Description
The ministers of the cabinet were quite upset by the message from the Chief of Security stating that they would all have to change the four-digit room numbers on their offices.
— It is a matter of security to change such things every now and then, to keep the enemy in the dark.
— But look, I have chosen my number 1033 for good reasons. I am the Prime minister, you know!
— I know, so therefore your new number 8179 is also a prime. You will just have to paste four new digits over the four old ones on your office door.
— No, it’s not that simple. Suppose that I change the first digit to an 8, then the number will read 8033 which is not a prime!
— I see, being the prime minister you cannot stand having a non-prime number on your door even for a few seconds.
— Correct! So I must invent a scheme for going from 1033 to 8179 by a path of prime numbers where only one digit is changed from one prime to the next prime.

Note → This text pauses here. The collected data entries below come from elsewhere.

(* Assume (A1)–(A8) and let $(x_i^k)$, $(y_i^k)$, $(\rho_i^k)$ ($i=1,\dots,n$) be generated by Algorithm PS. Then for each $i=1,\dots,n$: (a) $(\rho_i^k)_k$ is bounded; (b) $(x_i^k)_k$ is bounded; (c) there exist constants $\rho_{\min},\rho_{\max}$ (independent of $i$ and $k$) with $0<\rho_{\min}\le\rho_i^k\le\rho_{\max}<\infty$ for all $k\ge0$ and all $i$; (d) $(y_i^k)_k$ is bounded.
   Context: Standing setting. Let $\mathcal H_0,\dots,\mathcal H_{n-1}$ be real Hilbert spaces ($n\ge2$) and $\mathcal H_n:=\mathcal H_0$. Conventions: $0\cdot\infty=0$, $r\cdot\infty=\infty$ for $r>0$, $1/\infty=0$, $1/0=\infty$. For each $i=1,\dots,n$: (A1) $G_i:\mathcal H_0\to\mathcal H_i$ is bounded linear and $G_n=I$; (A2) $A_i:\mathcal H_i\rightrightarrows\mathcal H_i$ is maximal monotone; (A3) $B_i:\mathcal H_i\to\mathcal H_i$ is monotone and $\ell_i$-Lipschitz, $\ell_i\in[0,\infty)$; (A4) $C_i:\mathcal H_i\to\mathcal H_i$ is $\beta_i$-cocoercive with $\beta_i\in(0,\infty]$, i.e. $\langle x-y,C_ix-C_iy\rangle\ge\beta_i\|C_ix-C_iy\|^2$ for all $x,y$ (so $\beta_i=\infty$ means $C_i$ is constant, and then $1/(4\beta_i)=0$); (A5) $D_i:\mathcal H_i\to\mathcal H_i$ is monotone and continuously differentiable with $\|D_i'(x)-D_i'(y)\|\le m_i\|x-y\|$ for all $x,y$, $m_i\in[0,\infty)$; (A6) with $T_i:=A_i+B_i+C_i+D_i$, the inclusion $0\in\sum_{i=1}^nG_i^*T_i(G_iz)$ has at least one solution $z\in\mathcal H_0$; (A7) there is $\mathcal I_D\subset\{1,\dots,n\}$ with $m_i>0$ for $i\in\mathcal I_D$ and $m_i=0$, $D_i=0$ for $i\notin\mathcal I_D$. Notation: $D_{i,(u)}(x):=D_i(u)+D_i'(u)(x-u)$; for a maximal monotone $S$, $J_S:=(S+I)^{-1}$. $\boldsymbol{\mathcal H}:=\mathcal H_0\times\mathcal H_1\times\cdots\times\mathcal H_{n-1}$ with inner product $\langle p,\tilde p\rangle_\gamma:=\gamma\langle z,\tilde z\rangle+\sum_{i=1}^{n-1}\langle w_i,\tilde w_i\rangle$ for $p=(z,w_1,\dots,w_{n-1})$, $\tilde p=(\tilde z,\tilde w_1,\dots,\tilde w_{n-1})$, and norm $\|\cdot\|_\gamma$; for such $p$ one writes $w_n:=-\sum_{i=1}^{n-1}G_i^*w_i$. The extended solution set is $\mathcal S:=\{p\in\boldsymbol{\mathcal H}: w_i\in T_i(G_iz),\ i=1,\dots,n\}$ (with $w_n$ as just defined). Algorithm PS. Input: $(z^0,w_1^0,\dots,w_{n-1}^0)\in\boldsymbol{\mathcal H}$, $0<\underline\tau<\overline\tau<2$, $0<\underline\theta<\overline\theta<2$, $\hat\rho>0$, $\hat\delta>0$, $\gamma>0$; $w_n^0:=-\sum_{i=1}^{n-1}G_i^*w_i^0$. For $k=0,1,2,\dots$: for each $i=1,\dots,n$ define $(\rho_i^k,x_i^k,y_i^k)$ as follows. (i) If $w_i^k\in T_i(G_iz^k)$: $\rho_i^k=\hat\rho$, $x_i^k=G_iz^k$, $y_i^k=w_i^k$. (ii) Otherwise, if $i\in\mathcal I_D$: $\rho_i^k>0$ and $x_i^k=J_{\rho_i^k(A_i+D_{i,(G_iz^k)})}\big(G_iz^k+\rho_i^kw_i^k-\rho_i^k(B_i+C_i)(G_iz^k)\big)$ satisfy $\underline\theta\le4\ell_i^2(\rho_i^k)^2+(\beta_i^{-1}+\hat\delta)\rho_i^k+(m_i\rho_i^k\|x_i^k-G_iz^k\|)^2\le\overline\theta$, and $y_i^k=\frac{G_iz^k-x_i^k}{\rho_i^k}+w_i^k+[B_i(x_i^k)-B_i(G_iz^k)]+[D_i(x_i^k)-D_{i,(G_iz^k)}(x_i^k)]$. (iii) Otherwise ($i\notin\mathcal I_D$): some $\rho_i^k>0$ is chosen, $x_i^k=J_{\rho_i^kA_i}\big(G_iz^k+\rho_i^kw_i^k-\rho_i^k(B_i+C_i)(G_iz^k)\big)$ and $y_i^k=\frac{G_iz^k-x_i^k}{\rho_i^k}+w_i^k+[B_i(x_i^k)-B_i(G_iz^k)]$. Then set $u_i^k=x_i^k-G_ix_n^k$ ($i=1,\dots,n-1$), $v^k=\sum_{i=1}^nG_i^*y_i^k$, $\varphi_k=\langle z^k,v^k\rangle+\sum_{i=1}^{n-1}\langle w_i^k,u_i^k\rangle-\sum_{i=1}^n\big[\langle x_i^k,y_i^k\rangle+\frac1{4\beta_i}\|x_i^k-G_iz^k\|^2\big]$, $\pi_k=\gamma^{-1}\|v^k\|^2+\sum_{i=1}^{n-1}\|u_i^k\|^2$. If $\varphi_k>0$: choose $\tau_k\in[\underline\tau,\overline\tau]$, $\alpha_k=\tau_k\varphi_k/\pi_k$, $z^{k+1}=z^k-\gamma^{-1}\alpha_kv^k$, $w_i^{k+1}=w_i^k-\alpha_ku_i^k$ ($i=1,\dots,n-1$); otherwise $z^{k+1}=z^k$, $w_i^{k+1}=w_i^k$. Finally $w_n^{k+1}=-\sum_{i=1}^{n-1}G_i^*w_i^{k+1}$. (A8): for each $i\in\{1,\dots,n\}\setminus\mathcal I_D$ there are constants $\underline\rho_i,\overline\rho_i$ with $0<\underline\rho_i\le\rho_i^k\le\overline\rho_i<1/\big(\frac1{4\beta_i}+\ell_i\big)$ for all $k\ge0$ whenever $\rho_i^k$ is chosen in case (iii). *)

theory Defs
  imports "HOL-Analysis.Analysis" "HOL-Library.Extended_Real"
begin

text \<open>All Hilbert spaces H_0,...,H_{n-1} are modelled as closed linear subspaces of one
ambient real Hilbert space of type 'a. Set-valued operators are functions 'a => 'a set.\<close>

definition closed_subspace :: "'a::real_inner set \<Rightarrow> bool" where
  "closed_subspace V \<longleftrightarrow> subspace V \<and> closed V"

Now, the minister of finance, who had been eavesdropping, intervened.
— No unnecessary expenditure, please! I happen to know that the price of a digit is one pound.
— Hmm, in that case I need a computer program to minimize the cost. You don't know some very cheap software gurus, do you?
— In fact, I do. You see, there is this programming contest going on... Help the prime minister to find the cheapest prime path between any two given four-digit primes! The first digit must be nonzero, of course. Here is a solution in the case above.
1033
1733
3733
3739
3779
8779
8179
The cost of this solution is 6 pounds. Note that the digit 1 which got pasted over in step 2 can not be reused in the last step – a new 1 must be purchased.
Output
One line for each case, either with a number stating the minimal cost or containing the word Impossible.
#include<iostream>
#include<queue>
#include<string.h>
using namespace std;
bool prime[10000];
int state[10000];
int pre,obj;
queue<int> record;
void Init(){
for(int i=0;i<10000;i++) prime[i]=true;
for(int i=2;i<10000;i++){
if(prime[i]){
for(int j=2;i*j<10000;j++) prime[i*j]=false;
}
}
}
int BFS(){
if(pre==obj) return 0;
int multi[4]={1,10,100,1000};
int cur;
state[pre]=1;
record.push(pre);
while(!record.empty()){
cur=record.front();
record.pop();
int d[4];
d[0]=(cur/10)*10;
d[1]=(cur/100)*100+cur%10;
d[2]=(cur/1000)*1000+cur%100;
d[3]=cur%1000;
int digit;
for(int a=0;a<4;a++){
for(int b=0;b<=9;b++){
if(a==3&&b==0) continue;
digit=d[a]+multi[a]*b;
if(digit==obj) return state[cur];
if(prime[digit]&&!state[digit]){
record.push(digit);
state[digit]=state[cur]+1;
}
}
}
}
return -1;
}
int main(){
Init();
int ncase;
cin>>ncase;
while(ncase--){
cin>>pre>>obj;
while(!record.empty()) record.pop();
memset(state,0,sizeof(state));
int res;
res=BFS();
if(res==-1) cout<<"Impossible"<<endl;
else cout<<res<<endl;
}
}